La compréhension à l’échelle atomique des propriétés de la matière, les progrès considérables obtenus grâce à l’approche moléculaire du fonctionnement du vivant et, simultanément, l’essor du traitement de l’information ont conduit à une unification croissante des sciences de l’état condensé (physique, chimie, biologie), à l’échelle du nanomètre, pour former ce qu’on appelle désormais les nanosciences.
Ce mouvement est souvent daté de la fin de 1959, date du discours fondateur de Richard Feynman « There is plenty of room at the bottom » à la réunion annuelle de l'American Physical Society au Caltech (USA) ( réf. Feynman, 1959 ).
Plus que l’émergence d’une véritable discipline nouvelle on peut considérer les nanosciences comme le résultat de la convergence de différentes disciplines au niveau (supra)moléculaire voire une façon de revisiter des questions anciennes. On peut imaginer une synergie ultérieure de ces disciplines avec la science de la complexité, étape manquante pour passer de l’objet nanométrique bien maîtrisé à des systèmes beaucoup plus «riches » à l’image de ce que fait la nature avec les cellules ou le cerveau. Par ailleurs, tiré par de nouvelles applications toujours plus nombreuses, le monde de la technologie subit une évolution similaire. Dans les années 1990, on prend conscience du potentiel des applications croisées entre la microélectronique, la biologie et les technologies de l’information. Parmi les exemples particulièrement emblématiques, citons les objets communicants, les biopuces et les systèmes mécaniques miniatures. Dans les années 1990, on prend conscience du potentiel des applications croisées entre la microélectronique, la biologie et les technologies de l’information.
Le rapprochement de cet ensemble de disciplines est parfois appelé par les anglo-saxons la convergence NBIC (Nanosciences, Biologie, Informatique et sciences de la Cognition). Cette évolution (que certains qualifient de révolution) laisse augurer d’innovations importantes dont certaines ont une portée telle qu’elles pourraient modifier profondément notre mode de vie. Tous les domaines sont concernés et des investissements gigantesques (en milliards d’euros) sont consentis tant aux USA qu'en Europe ou au Japon.
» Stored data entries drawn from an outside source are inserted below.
(* Let $b\ge 3$, let $\mathbb R_b$ be a complete system of residues mod $b$ (possibly containing negative integers), and let $D\subset\mathbb R_b$ with $2\le|D|<b$. Suppose $S\subset\mathbb R_b$ is a set of integers with $|S|>1$ and $S-S=\{s-s':s,s'\in S\}\subseteq D$. Then $\mathcal C=\mathcal C_{b,D}$ is van der Corput with power savings of order $c=\frac{\log|S|}{\log b}$, i.e. $T(\mathcal C,N)\ll N^{-c}$; in particular $I(\mathcal C,N)\ll N^{-c}$, i.e. every $A\subset[N]$ with $(A-A)\cap\mathcal C=\emptyset$ satisfies $|A|\ll N^{1-c}$.
   Context: $\mathcal C_{b,D}=\{\sum_{j=0}^{k} d_j b^j : k\in\mathbb N_0,\ d_j\in D\}$. $[N]=\{1,\dots,N\}$. For $H\subset\mathbb Z$: $I(H,N)=\max\{|A|/N: A\subset[N],\ (A-A)\cap H=\emptyset\}$ (differences $a-a'$ with $a\neq a'$); $T(H,N)=\inf a_0$ over all real trigonometric polynomials $T(x)=a_0+\sum_{n<N,\,n\in H} a_n\cos(2\pi n x)$ with $T(0)=1$ and $T(x)\ge 0$ for all $x$. $H$ has power savings of order $c$ in the van der Corput property if $T(H,N)\ll N^{-c}$, and in the intersective property if $I(H,N)\ll N^{-c}$. *)

theory Defs
  imports Complex_Main
begin

definition complete_residue_system :: "nat \<Rightarrow> int set \<Rightarrow> bool" where
  "complete_residue_system b R \<longleftrightarrow>
     finite R \<and> card R = b \<and> (\<lambda>x. x mod int b) ` R = {0..<int b}"

definition digit_set :: "nat \<Rightarrow> int set \<Rightarrow> int set" where
  "digit_set b D = {(\<Sum>j\<le>k. d j * int b ^ j) | k d. \<forall>j\<le>k. d j \<in> D}"

definition inter_density :: "int set \<Rightarrow> nat \<Rightarrow> real" where
  "inter_density H N = Max ((\<lambda>A. real (card A) / real N) `
      {A. A \<subseteq> {1..int N} \<and> (\<forall>a\<in>A. \<forall>a'\<in>A. a \<noteq> a' \<longrightarrow> a - a' \<notin> H)})"

definition trig_val :: "nat \<Rightarrow> real \<Rightarrow> (int \<Rightarrow> real) \<Rightarrow> real \<Rightarrow> real" where
  "trig_val N a0 a x = a0 + (\<Sum>n\<in>{-(int N)<..<int N}. a n * cos (2 * pi * real_of_int n * x))"

definition vdc_T :: "int set \<Rightarrow> nat \<Rightarrow> real" where
  "vdc_T H N = Inf {a0. \<exists>a :: int \<Rightarrow> real.
      (\<forall>n. a n \<noteq> 0 \<longrightarrow> n \<in> H \<and> n \<noteq> 0 \<and> \<bar>n\<bar> < int N) \<and>
      trig_val N a0 a 0 = 1 \<and> (\<forall>x. trig_val N a0 a x \<ge> 0)}"

end

theory Submission
  imports Defs "HOL-Library.FuncSet"
begin

(* If P is a finite set of integers of diameter less than N whose nonzero differences lie in H,
   then |sum_{p in P} e(p x)|^2 / |P|^2 is admissible for T(H, N) with constant term 1/|P|, and for
   A in [N] with (A - A) disjoint from H the translates A + p (p in P) are pairwise disjoint inside an
   interval of length less than 2N; hence T(H, N) <= 1/|P| and I(H, N) <= 2/|P|.
   For H = C_{b,D} take for P the numbers sum_{j<k} s_j b^j with all digits s_j in S: as the
   elements of S are incongruent mod b these are |S|^k distinct numbers, their differences have
   digits in S - S, a subset of D, and choosing b^k comparable to N makes |P| comparable to
   N^(log |S| / log b). *)

lemma sum_cos_multiples_eq_0:
  fixes n :: int and N :: nat
  assumes "\<not> int N dvd n"
  shows "(\<Sum>j<N. cos (2 * pi * real_of_int n * (real j / real N))) = 0"
proof (cases "N = 0")
  case False
  then have N: "N > 0" by simp
  define z where "z = cis (2 * pi * real_of_int n / real N)"
  have "z ^ N = 1"
    using N by (simp add: z_def DeMoivre)
  moreover have "z \<noteq> 1"
  proof
    assume "z = 1"
    then have "cos (2 * pi * real_of_int n / real N) = 1"
      unfolding z_def by (metis cis.sel(1) one_complex.sel(1))
    then obtain m :: int where "2 * pi * real_of_int n / real N = real_of_int m * 2 * pi"
      by (auto simp: cos_one_2pi_int)
    then have "real_of_int n = real_of_int (m * int N)" using N by (simp add: field_simps)
    then show False using assms by (metis dvd_triv_right of_int_eq_iff)
  qed
  ultimately have "(\<Sum>j<N. z ^ j) = 0" by (simp add: geometric_sum)
  then have "Re (\<Sum>j<N. z ^ j) = 0" by simp
  then show ?thesis by (simp add: z_def DeMoivre mult.commute)
qed simp

lemma sum_trig_val_samples:
  assumes "N \<ge> 1"
  shows "(\<Sum>j<N. trig_val N a0 a (real j / real N)) = real N * (a0 + a 0)"
proof -
  let ?I = "{-(int N)<..<int N}"
  let ?c = "\<lambda>n. \<Sum>j<N. cos (2 * pi * real_of_int n * (real j / real N))"
  have c: "a n * ?c n = (if n = 0 then a 0 * real N else 0)" if "n \<in> ?I" for n
  proof (cases "n = 0")
    case False
    with that have "\<not> int N dvd n" by (auto dest: dvd_imp_le_int)
    then show ?thesis using False sum_cos_multiples_eq_0 by simp
  qed simp
  have "(\<Sum>j<N. trig_val N a0 a (real j / real N)) = real N * a0 + (\<Sum>n\<in>?I. a n * ?c n)"
    unfolding trig_val_def by (simp add: sum.distrib sum_distrib_left sum.swap[of _ "{..<N}"])
  also have "(\<Sum>n\<in>?I. a n * ?c n) = (\<Sum>n\<in>?I. if n = 0 then a 0 * real N else 0)"
    by (rule sum.cong[OF refl c])
  also have "\<dots> = a 0 * real N"
    using assms by simp
  finally show ?thesis by (simp add: algebra_simps)
qed

lemma trig_val_nonneg_imp_const_nonneg:
  assumes "a 0 = 0" and "\<forall>x. trig_val N a0 a x \<ge> 0"
  shows "a0 \<ge> 0"
proof (cases "N = 0")
  case True
  then show ?thesis using assms(2) by (simp add: trig_val_def)
next
  case False
  have "0 \<le> (\<Sum>j<N. trig_val N a0 a (real j / real N))"
    using assms(2) by (intro sum_nonneg) auto
  also have "\<dots> = real N * a0"
    using False assms(1) by (simp add: sum_trig_val_samples)
  finally show ?thesis using False by (simp add: zero_le_mult_iff)
qed

definition vdc_admissible :: "int set \<Rightarrow> nat \<Rightarrow> real \<Rightarrow> (int \<Rightarrow> real) \<Rightarrow> bool" where
  "vdc_admissible H N a0 a \<longleftrightarrow>
     (\<forall>n. a n \<noteq> 0 \<longrightarrow> n \<in> H \<and> n \<noteq> 0 \<and> \<bar>n\<bar> < int N) \<and>
     trig_val N a0 a 0 = 1 \<and> (\<forall>x. trig_val N a0 a x \<ge> 0)"

lemma vdc_T_le_admissible:
  assumes "vdc_admissible H N a0 a"
  shows "vdc_T H N \<le> a0"
proof -
  have "vdc_T H N = Inf {a0. \<exists>a. vdc_admissible H N a0 a}"
    unfolding vdc_T_def vdc_admissible_def ..
  moreover have "bdd_below {a0. \<exists>a. vdc_admissible H N a0 a}"
    by (rule bdd_belowI[of _ 0])
      (auto simp: vdc_admissible_def intro: trig_val_nonneg_imp_const_nonneg)
  ultimately show ?thesis
    using assms by (auto intro: cInf_lower)
qed

definition diff_count :: "int set \<Rightarrow> int \<Rightarrow> nat" where
  "diff_count P n = card {(p, q) \<in> P \<times> P. p - q = n}"

lemma diff_count_0:
  assumes "finite P"
  shows "diff_count P 0 = card P"
proof -
  have "{(p, q) \<in> P \<times> P. p - q = 0} = (\<lambda>p. (p, p)) ` P" by auto
  then show ?thesis by (simp add: diff_count_def card_image inj_on_def)
qed

lemma sum_diff_count:
  fixes f :: "int \<Rightarrow> 'a::comm_ring_1"
  assumes "finite P" "finite I" "\<forall>p\<in>P. \<forall>q\<in>P. p - q \<in> I"
  shows "(\<Sum>n\<in>I. of_nat (diff_count P n) * f n) = (\<Sum>p\<in>P. \<Sum>q\<in>P. f (p - q))"
proof -
  have "(\<Sum>n\<in>I. of_nat (diff_count P n) * f n)
      = (\<Sum>n\<in>I. \<Sum>pq\<in>{pq \<in> P \<times> P. (\<lambda>(p, q). p - q) pq = n}. f ((\<lambda>(p, q). p - q) pq))"
    unfolding diff_count_def by (intro sum.cong) (auto simp: split_def mem_Times_iff)
  also have "\<dots> = (\<Sum>pq\<in>P \<times> P. f ((\<lambda>(p, q). p - q) pq))"
    using assms by (intro sum.group) auto
  finally show ?thesis by (simp add: sum.cartesian_product split_def)
qed

lemma sum_sum_cos_diff_nonneg:
  fixes u :: "'a \<Rightarrow> real"
  shows "0 \<le> (\<Sum>p\<in>P. \<Sum>q\<in>P. cos (u p - u q))"
proof -
  have "(\<Sum>p\<in>P. \<Sum>q\<in>P. cos (u p - u q))
      = (\<Sum>p\<in>P. cos (u p))\<^sup>2 + (\<Sum>p\<in>P. sin (u p))\<^sup>2"
    by (simp add: cos_diff sum.distrib sum_product power2_eq_square)
  then show ?thesis by simp
qed

lemma vdc_T_le_inverse_card:
  assumes fin: "finite P" and ne: "P \<noteq> {}"
    and diff: "\<forall>p\<in>P. \<forall>q\<in>P. p \<noteq> q \<longrightarrow> p - q \<in> H"
    and diam: "\<forall>p\<in>P. \<forall>q\<in>P. \<bar>p - q\<bar> < int N"
  shows "vdc_T H N \<le> 1 / real (card P)"
proof (rule vdc_T_le_admissible)
  define m where "m = real (card P)"
  define a where "a n = (if n = 0 then 0 else real (diff_count P n) / m\<^sup>2)" for n
  let ?I = "{-(int N)<..<int N}"
  have m: "m > 0" using fin ne by (simp add: m_def card_gt_0_iff)
  have "0 \<in> ?I" using ne diam by fastforce
  have diff_I: "\<forall>p\<in>P. \<forall>q\<in>P. p - q \<in> ?I" using diam by fastforce
  have trig: "trig_val N (1 / m) a x = (\<Sum>p\<in>P. \<Sum>q\<in>P. cos (2 * pi * real_of_int (p - q) * x)) / m\<^sup>2" for x
  proof -
    have "trig_val N (1 / m) a x = (\<Sum>n\<in>?I. real (diff_count P n) * cos (2 * pi * real_of_int n * x)) / m\<^sup>2"
      using \<open>0 \<in> ?I\<close> m
      by (simp add: trig_val_def a_def sum.remove[of ?I 0] diff_count_0[OF fin] m_def
          sum_divide_distrib add_divide_distrib power2_eq_square)
    then show ?thesis using fin diff_I by (simp add: sum_diff_count)
  qed
  show "vdc_admissible H N (1 / real (card P)) a"
    unfolding vdc_admissible_def m_def[symmetric]
  proof (intro conjI allI impI)
    fix n assume "a n \<noteq> 0"
    then have "n \<noteq> 0" and "diff_count P n \<noteq> 0" by (auto simp: a_def split: if_splits)
    then have "{(p, q) \<in> P \<times> P. p - q = n} \<noteq> {}"
      unfolding diff_count_def by (metis card.empty)
    then obtain p q where "p \<in> P" "q \<in> P" "p - q = n" by blast
    then show "n \<in> H" "n \<noteq> 0" "\<bar>n\<bar> < int N" using diff diam \<open>n \<noteq> 0\<close> by auto
  next
    show "trig_val N (1 / m) a 0 = 1" using m unfolding trig by (simp add: m_def power2_eq_square)
  next
    fix x
    show "trig_val N (1 / m) a x \<ge> 0"
      using sum_sum_cos_diff_nonneg[of "\<lambda>p. 2 * pi * real_of_int p * x" P]
      by (simp add: trig algebra_simps)
  qed
qed

lemma card_mult_card_le_of_difference_free:
  assumes A: "A \<subseteq> {1..int N}" "\<forall>a\<in>A. \<forall>a'\<in>A. a \<noteq> a' \<longrightarrow> a - a' \<notin> H"
    and fin: "finite P" and ne: "P \<noteq> {}"
    and diff: "\<forall>p\<in>P. \<forall>q\<in>P. p \<noteq> q \<longrightarrow> p - q \<in> H"
    and diam: "\<forall>p\<in>P. \<forall>q\<in>P. \<bar>p - q\<bar> < int N"
  shows "card A * card P \<le> 2 * N"
proof -
  have inj: "inj_on (\<lambda>(a, p). a + p) (A \<times> P)"
  proof (rule inj_onI, clarify)
    fix a p a' p' assume "a \<in> A" "p \<in> P" "a' \<in> A" "p' \<in> P" "a + p = a' + p'"
    moreover have "a - a' = p' - p" using \<open>a + p = a' + p'\<close> by simp
    ultimately show "a = a' \<and> p = p'" using A(2) diff by fastforce
  qed
  have "(\<lambda>(a, p). a + p) ` (A \<times> P) \<subseteq> {Min P + 1 .. Max P + int N}"
  proof clarify
    fix a p assume "a \<in> A" "p \<in> P"
    moreover have "Min P \<le> p" "p \<le> Max P" using \<open>p \<in> P\<close> fin by auto
    ultimately show "a + p \<in> {Min P + 1 .. Max P + int N}" using A(1) by auto
  qed
  then have "card (A \<times> P) \<le> card {Min P + 1 .. Max P + int N}"
    using card_image[OF inj] by (metis card_mono finite_atLeastAtMost_int)
  moreover have "Max P - Min P < int N"
    using diam Max_in[OF fin ne] Min_in[OF fin ne] by fastforce
  ultimately show ?thesis by (simp add: card_cartesian_product)
qed

lemma inter_density_le_two_div_card:
  assumes "finite P" "P \<noteq> {}"
    and "\<forall>p\<in>P. \<forall>q\<in>P. p \<noteq> q \<longrightarrow> p - q \<in> H"
    and "\<forall>p\<in>P. \<forall>q\<in>P. \<bar>p - q\<bar> < int N"
  shows "inter_density H N \<le> 2 / real (card P)"
  unfolding inter_density_def
proof (subst Max_le_iff, safe)
  fix A assume "A \<subseteq> {1..int N}" "\<forall>a\<in>A. \<forall>a'\<in>A. a \<noteq> a' \<longrightarrow> a - a' \<notin> H"
  then have "real (card A * card P) \<le> real (2 * N)"
    using assms by (intro of_nat_mono card_mult_card_le_of_difference_free)
  then show "real (card A) / real N \<le> 2 / real (card P)"
    using assms by (simp add: divide_simps card_gt_0_iff mult.commute)
qed (auto intro: finite_subset[of _ "Pow {1..int N}"])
A court terme, les secteurs suivants sont concernés :
Société de la connaissance : on vise l’amélioration des systèmes de traitement de l’information (calcul, stockage) en particulier pour extrapoler la série relais - tube à vide – transistor - circuit intégré qui a déjà permis d’accroître de onze ordres de grandeur les puissances de calcul à coût constant. Cette évolution s’accompagne de l’essor des communications et de la dispersion des calculateurs, des capteurs et des actionneurs.
Médecine : ces développements laissent entrevoir la possibilité de diagnostiquer et soigner en agissant à l’échelle nanométrique au moyen de capteurs, de systèmes de visualisation, de principes actifs vectorisés, de tissus synthétiques, etc.
Développement durable et secteur de l’énergie : on peut imaginer la multiplication de procédés « doux » pour l’environnement (à l’image de la chimie du vivant), la création de matériaux recyclables ou capables de « disparaître » dans l’environnement sans générer de pollution, des moyens de séquestrer le dioxyde de carbone. De même la nanostructuration permettrait d’augmenter les rendements de nombreux dispositifs, voire d’exploiter les énergies renouvelables avec une meilleure efficacité, en particulier le solaire.
Les items ci-dessus correspondent à des recherches en cours voire à des produits existants. Il existe également une littérature, extrapolant les progrès des nanosciences à long terme, avec par exemple les ouvrages de Ray Kurzweil, Hans Moravec et Eric Drexler. Ces ouvrages doivent plus être considérés comme des éléments pour une réflexion sur le long terme que comme des prédictions à prendre au pied de la lettre. Ils s ’appuient sur des bases scientifiques certaines (leurs auteurs ont travaillé dans les domaines qu’ils développent) mais restent pour l'instant du domaine de la fiction. On y imagine une société dans laquelle la maîtrise de la fabrication l’échelle atomique permettrait de réaliser les idées les plus folles.